(* Let $b,\ell\ge1$, $s=2^b$, and let $G'$ be obtained from $G_{b,\ell}$ by deleting an arbitrary subset $R$ of the vertices $\{v_{\ell,\vec j}:\vec j\in[0,s-1]^\ell\}$ together with their incident edges. Let $\vec x,\vec z\in[0,s-1]^\ell$ with $z_k-x_k$ even for all $k$. Then whether $v_{\ell,(\vec x+\vec z)/2}\in R$ is determined by $\vec x$, $\vec z$ and the (possibly infinite) length of a shortest path between $v_{0,\vec x}$ and $v_{2\ell,\vec z}$ in $G'$; namely $v_{\ell,(\vec x+\vec z)/2}\notin R$ iff this distance equals $\mathrm{dist}_{G_{b,\ell}}(v_{0,\vec x},v_{2\ell,\vec z})$.
   Context: Notation $[a,b]=\{a,\dots,b\}$. Fix integers $b,\ell\ge1$, $s=2^b$, $A=3\ell s^2$. The weighted graph $H_{b,\ell}$ has vertex set $\bigcup_{i=0}^{2\ell}V_i$, $V_i=\{v_{i,\vec j}:\vec j\in[0,s-1]^\ell\}$; for $i\in[0,2\ell-1]$ let $c(i)=i+1$ if $i<\ell$, $c(i)=2\ell-i$ if $i\ge\ell$; $v_{i,\vec j}$ and $v_{i+1,\vec j'}$ are adjacent iff $j_k=j'_k$ for all $k\ne c(i)$, with weight $A+(j_{c(i)}-j'_{c(i)})^2$; no other edges. The unweighted graph $G_{b,\ell}$: each $v\in V_i$ is kept and gets attached (root adjacent to $v$) a complete binary tree $T^{\mathrm{in}}_v$ of depth $b$ (only if $i>0$) with leaves $v^{\mathrm{in}}_u$ for the neighbors $u\in V_{i-1}$, and a complete binary tree $T^{\mathrm{out}}_v$ of depth $b$ (only if $i<2\ell$) with leaves $v^{\mathrm{out}}_u$ for the neighbors $u\in V_{i+1}$; all trees disjoint; for every edge $e=\{u,v\}$ of $H_{b,\ell}$, $u\in V_i$, $v\in V_{i+1}$, the leaves $u^{\mathrm{out}}_v$ and $v^{\mathrm{in}}_u$ are joined by a path of length $w(e)-2b-2$ through new vertices. *)

theory Defs
  imports Main "HOL-Library.Extended_Nat"
begin

text \<open>Vertices of G_{b,l}:
  Main i j      = v_{i,j}
  Tin i j t     = node of the tree T^in_{v_{i,j}} at address t (root = [], leaves = length b)
  Tout i j t    = node of the tree T^out_{v_{i,j}}
  Mid i j j' k  = k-th internal vertex of the subdivided path for the H-edge {v_{i,j}, v_{i+1,j'}}\<close>

datatype vtx = Main nat "nat list" | Tin nat "nat list" "bool list"
  | Tout nat "nat list" "bool list" | Mid nat "nat list" "nat list" nat

definition vecok :: "nat \<Rightarrow> nat \<Rightarrow> nat list \<Rightarrow> bool" where
  "vecok l s j \<longleftrightarrow> length j = l \<and> (\<forall>k<l. j ! k < s)"

text \<open>c(i), 1-based coordinate index\<close>
definition cidx :: "nat \<Rightarrow> nat \<Rightarrow> nat" where
  "cidx l i = (if i < l then i + 1 else 2 * l - i)"

definition Hadj :: "nat \<Rightarrow> nat \<Rightarrow> nat \<Rightarrow> nat list \<Rightarrow> nat list \<Rightarrow> bool" where
  "Hadj b l i j j' \<longleftrightarrow> i < 2 * l \<and> vecok l (2 ^ b) j \<and> vecok l (2 ^ b) j'
     \<and> (\<forall>k<l. k \<noteq> cidx l i - 1 \<longrightarrow> j ! k = j' ! k)"

definition Hwt :: "nat \<Rightarrow> nat \<Rightarrow> nat \<Rightarrow> nat list \<Rightarrow> nat list \<Rightarrow> nat" where
  "Hwt b l i j j' = nat (int (3 * l * (2 ^ b) ^ 2)
      + (int (j ! (cidx l i - 1)) - int (j' ! (cidx l i - 1))) ^ 2)"

definition plen :: "nat \<Rightarrow> nat \<Rightarrow> nat \<Rightarrow> nat list \<Rightarrow> nat list \<Rightarrow> nat" where
  "plen b l i j j' = Hwt b l i j j' - 2 * b - 2"

text \<open>fin i j y: address of the leaf of T^in_{v_{i,j}} for the neighbour of v_{i,j} in V_{i-1}
  whose c(i-1)-th coordinate is y; fout analogously for T^out and V_{i+1} (coordinate c(i)).\<close>
definition pnode :: "nat \<Rightarrow> nat \<Rightarrow> (nat \<Rightarrow> nat list \<Rightarrow> nat \<Rightarrow> bool list)
    \<Rightarrow> (nat \<Rightarrow> nat list \<Rightarrow> nat \<Rightarrow> bool list) \<Rightarrow> nat \<Rightarrow> nat list \<Rightarrow> nat list \<Rightarrow> nat \<Rightarrow> vtx" where
  "pnode b l fin fout i j j' k =
     (if k = 0 then Tout i j (fout i j (j' ! (cidx l i - 1)))
      else if k = plen b l i j j' then Tin (Suc i) j' (fin (Suc i) j' (j ! (cidx l i - 1)))
      else Mid i j j' k)"

definition dedge :: "nat \<Rightarrow> nat \<Rightarrow> (nat \<Rightarrow> nat list \<Rightarrow> nat \<Rightarrow> bool list)
    \<Rightarrow> (nat \<Rightarrow> nat list \<Rightarrow> nat \<Rightarrow> bool list) \<Rightarrow> vtx \<Rightarrow> vtx \<Rightarrow> bool" where
  "dedge b l fin fout u v \<longleftrightarrow>
     (\<exists>i j. 0 < i \<and> i \<le> 2 * l \<and> vecok l (2 ^ b) j \<and> u = Main i j \<and> v = Tin i j [])
   \<or> (\<exists>i j. i < 2 * l \<and> vecok l (2 ^ b) j \<and> u = Main i j \<and> v = Tout i j [])
   \<or> (\<exists>i j t x. 0 < i \<and> i \<le> 2 * l \<and> vecok l (2 ^ b) j \<and> length t < b
        \<and> u = Tin i j t \<and> v = Tin i j (t @ [x]))
   \<or> (\<exists>i j t x. i < 2 * l \<and> vecok l (2 ^ b) j \<and> length t < b
        \<and> u = Tout i j t \<and> v = Tout i j (t @ [x]))
   \<or> (\<exists>i j j' k. Hadj b l i j j' \<and> k < plen b l i j j'
        \<and> u = pnode b l fin fout i j j' k \<and> v = pnode b l fin fout i j j' (Suc k))"

definition Gedge :: "nat \<Rightarrow> nat \<Rightarrow> (nat \<Rightarrow> nat list \<Rightarrow> nat \<Rightarrow> bool list)
    \<Rightarrow> (nat \<Rightarrow> nat list \<Rightarrow> nat \<Rightarrow> bool list) \<Rightarrow> vtx \<Rightarrow> vtx \<Rightarrow> bool" where
  "Gedge b l fin fout u v \<longleftrightarrow> dedge b l fin fout u v \<or> dedge b l fin fout v u"

definition Gdel :: "nat \<Rightarrow> nat \<Rightarrow> (nat \<Rightarrow> nat list \<Rightarrow> nat \<Rightarrow> bool list)
    \<Rightarrow> (nat \<Rightarrow> nat list \<Rightarrow> nat \<Rightarrow> bool list) \<Rightarrow> nat list set \<Rightarrow> vtx \<Rightarrow> vtx \<Rightarrow> bool" where
  "Gdel b l fin fout R u v \<longleftrightarrow> Gedge b l fin fout u v
     \<and> u \<notin> Main l ` R \<and> v \<notin> Main l ` R"

definition walk :: "('a \<Rightarrow> 'a \<Rightarrow> bool) \<Rightarrow> 'a list \<Rightarrow> bool" where
  "walk E xs \<longleftrightarrow> xs \<noteq> [] \<and> (\<forall>k. Suc k < length xs \<longrightarrow> E (xs ! k) (xs ! Suc k))"

definition gdist :: "('a \<Rightarrow> 'a \<Rightarrow> bool) \<Rightarrow> 'a \<Rightarrow> 'a \<Rightarrow> enat" where
  "gdist E a c = (INF xs \<in> {xs. walk E xs \<and> hd xs = a \<and> last xs = c}. enat (length xs - 1))"

end

theory Submission
  imports Defs
begin

text \<open>Write y = (x + z)/2 and D = 2lA + |x - y|^2 + |y - z|^2. Moving the coordinates of x one
  per layer to those of y and then, in reverse order, to those of z gives a path of length D
  through v_{l,y} that avoids all other vertices of the middle layer.
  Conversely, every walk from v_{0,x} to v_{2l,z} passes some v_{l,j}. Two potentials that change
  by at most one along each edge of G, one measuring progress from x and one from z, show that
  the walk has at least l A + |j - x|^2 edges before v_{l,j} and at least l A + |j - z|^2 after it.
  Since 2y = x + z, the sum is D + 2 |j - y|^2, so every walk avoiding v_{l,y} is longer than D.
  The constant A is large enough to pay for the detours through the binary trees.\<close>

inductive path :: "('a \<Rightarrow> 'a \<Rightarrow> bool) \<Rightarrow> 'a \<Rightarrow> 'a \<Rightarrow> nat \<Rightarrow> bool" for E where
  path_nil: "path E u u 0"
| path_cons: "E u v \<Longrightarrow> path E v w n \<Longrightarrow> path E u w (Suc n)"

lemma path_edge: "E u v \<Longrightarrow> path E u v 1"
  using path_cons[OF _ path_nil] by fastforce

lemma path_trans: "path E u v m \<Longrightarrow> path E v w n \<Longrightarrow> path E u w (m + n)"
  by (induction rule: path.induct) (auto intro: path.intros)

lemma path_sum:
  assumes "\<And>t. t < n \<Longrightarrow> path E (f t) (f (Suc t)) (w t)"
  shows "path E (f 0) (f n) (\<Sum>t<n. w t)"
  using assms
proof (induction n)
  case 0
  show ?case by (simp add: path_nil)
next
  case (Suc n)
  then show ?case using path_trans[of E "f 0" "f n"] by simp
qed

lemma walk_Cons_Cons: "walk E (x # y # xs) \<longleftrightarrow> E x y \<and> walk E (y # xs)"
  by (auto simp: walk_def nth_Cons split: nat.splits)

lemma path_imp_walk: "path E u v n \<Longrightarrow> \<exists>xs. walk E xs \<and> hd xs = u \<and> last xs = v \<and> length xs = Suc n"
proof (induction rule: path.induct)
  case (path_nil u)
  show ?case by (intro exI[of _ "[u]"]) (simp add: walk_def)
next
  case (path_cons u v w n)
  then obtain xs where xs: "walk E xs" "hd xs = v" "last xs = w" "length xs = Suc n"
    by blast
  then have "walk E (u # xs)"
    using path_cons(1) by (cases xs) (auto simp: walk_Cons_Cons)
  with xs show ?case by (intro exI[of _ "u # xs"]) auto
qed

lemma gdist_le_path: "path E u v n \<Longrightarrow> gdist E u v \<le> enat n"
  unfolding gdist_def by (drule path_imp_walk) (auto intro!: INF_lower2)

lemma le_gdistI:
  assumes "\<And>xs. walk E xs \<Longrightarrow> hd xs = u \<Longrightarrow> last xs = v \<Longrightarrow> n \<le> length xs - 1"
  shows "enat n \<le> gdist E u v"
  unfolding gdist_def using assms by (auto intro!: INF_greatest)

lemma walk_mono: "walk E xs \<Longrightarrow> (\<And>u v. E u v \<Longrightarrow> E' u v) \<Longrightarrow> walk E' xs"
  unfolding walk_def by blast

****

▶ [Work to complete]: Please reproduce, exactly as they appear above, the lines from the line containing "theory Submission" up to and including the line containing "per layer to".

▶ [Result of this task]:
theory Submission
  imports Defs
begin

text \<open>Write y = (x + z)/2 and D = 2lA + |x - y|^2 + |y - z|^2. Moving the coordinates of x one
  per layer to those of y and then, in reverse order, to those of z gives a path of length D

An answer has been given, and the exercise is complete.